The planned school and its principal Debbie Almontaser was portrayed as an innocent victim of misunderstanding and prejudice, and the story's slant came through in the text box: "Where some see a bridge between cultures, others see an 'Islamist agenda.'"


Those warning sign quotation marks are the Times' way of telling you which way you should see the issue.


"The Khalil Gibran International Academy was conceived as a public embrace of New York City's growing Arab population and of internationalism, the first public school dedicated to the study of the Arabic language and culture and open to students of all racial and ethnic backgrounds.


"But nearly three months after plans for the middle school were first announced, a beleaguered Department of Education is fending off attacks from two angry camps: parents from Public School 282, the elementary school in Park Slope, Brooklyn, that was assigned to share building space with the Khalil Gibran school, and a handful of columnists who have called the proposed academy a madrassa, which teaches the Koran.


"Now the chancellor of schools, Joel I. Klein, is considering other locations for the school, or even postponing the opening for a year, according to several people involved in the discussions, and the whole endeavor has been turned into a test of tolerance - and its limits - in post-9/11, multiethnic New York.


"The principal, Debbie Almontaser, who came to America from Yemen at age 3 and who organized peace rallies and urged tolerance after the attacks of Sept. 11, 2001, has been vilified on Web sites as having an 'Islamist agenda.'


"Ms. Almontaser said she was prepared for the reaction. 'Quite frankly, I don't let it bother me,' she said. 'I don't lose sleep over it. My main objective is the opening of the school.'


"Friends of the teacher, who is known as a moderate active in interfaith groups, call the accusation preposterous.


"'It's tragic that they should be targeting her,' said the Rev. Dr. Daniel Meeter, pastor of Old First Reformed Church in Park Slope.


"Some call the controversy over the school heartbreaking. 'Now is the critical time to teach young people Arabic,' said Eileen F. Reilly, a director at Camba, a Brooklyn social services agency, and a friend of Ms. Almontaser's. 'If a school like this can't happen in Brooklyn, where can it happen?'"


Bosman again portrayed Almontaser as a gentle moderate: "Ms.
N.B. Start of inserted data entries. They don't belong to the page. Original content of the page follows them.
(* Let $S$ be a partial semigroup. (i) If $I$ is a two-sided ideal in $S$ such that $S$ is $I$-directed, then $\{\mathcal{U}\in\gamma S: I\in\mathcal{U}\}$ is a compact two-sided ideal in $\gamma S$. (ii) If $E$ is a right ideal in $S$ such that $S$ is $E$-directed, then $\{\mathcal{U}\in\gamma S: E\in\mathcal{U}\}$ is a compact right ideal in $\gamma S$.
   Context: Partial semigroup: partial operation with $(rs)t$ defined iff $r(st)$ defined, then equal. For $A\subseteq S$, $S$ is $A$-directed if for all $x_1,\dots,x_n\in S$ there is $x\in A$ with all $x_ix$ defined. A two-sided ideal in $S$ is a non-empty $I\subseteq S$ with $xy\in I$ whenever $xy$ is defined and $x\in I$ or $y\in I$; a right ideal is a non-empty $E\subseteq S$ with $xy\in E$ whenever $xy$ is defined and $x\in E$. $\gamma S$ is the set of ultrafilters $\mathcal{U}$ on $S$ with $\{t:st\text{ defined}\}\in\mathcal{U}$ for each $s\in S$, with the Stone (Čech–Stone) topology and the semigroup operation $A\in\mathcal{U}*\mathcal{V}$ iff $\{s:\{t: st\text{ defined and } st\in A\}\in\mathcal{V}\}\in\mathcal{U}$. *)

theory Defs
  imports "HOL-Analysis.Analysis"
begin

text \<open>A partial operation on the type 'a (the whole type is the carrier S);
  None means "undefined".\<close>

definition partial_semigroup :: "('a \<Rightarrow> 'a \<Rightarrow> 'a option) \<Rightarrow> bool" where
  "partial_semigroup op \<longleftrightarrow>
     (\<forall>r s t. Option.bind (op r s) (\<lambda>x. op x t) = Option.bind (op s t) (\<lambda>y. op r y))"

definition directed_in :: "('a \<Rightarrow> 'a \<Rightarrow> 'a option) \<Rightarrow> 'a set \<Rightarrow> bool" where
  "directed_in op A \<longleftrightarrow> (\<forall>F. finite F \<longrightarrow> (\<exists>x\<in>A. \<forall>y\<in>F. op y x \<noteq> None))"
Almontaser had become a high-profile figure in Brooklyn after 9/11 and had spoken in interviews about her embrace of Muslim customs, including wearing a hijab, and how she was a part of the American melting pot."


But Bosman skipped over some less-than-moderate statements from Almontaser's anti-war activist past. Here's how she was quoted in a 2002 interview by the Norwegian branch of Amnesty International: "President Bush is trying to destroy the United States that I love and of which I am a result. He has abandoned our forefather's ideals of a society of freedom; democracy and pluralism build by immigrants. He is a nightmare."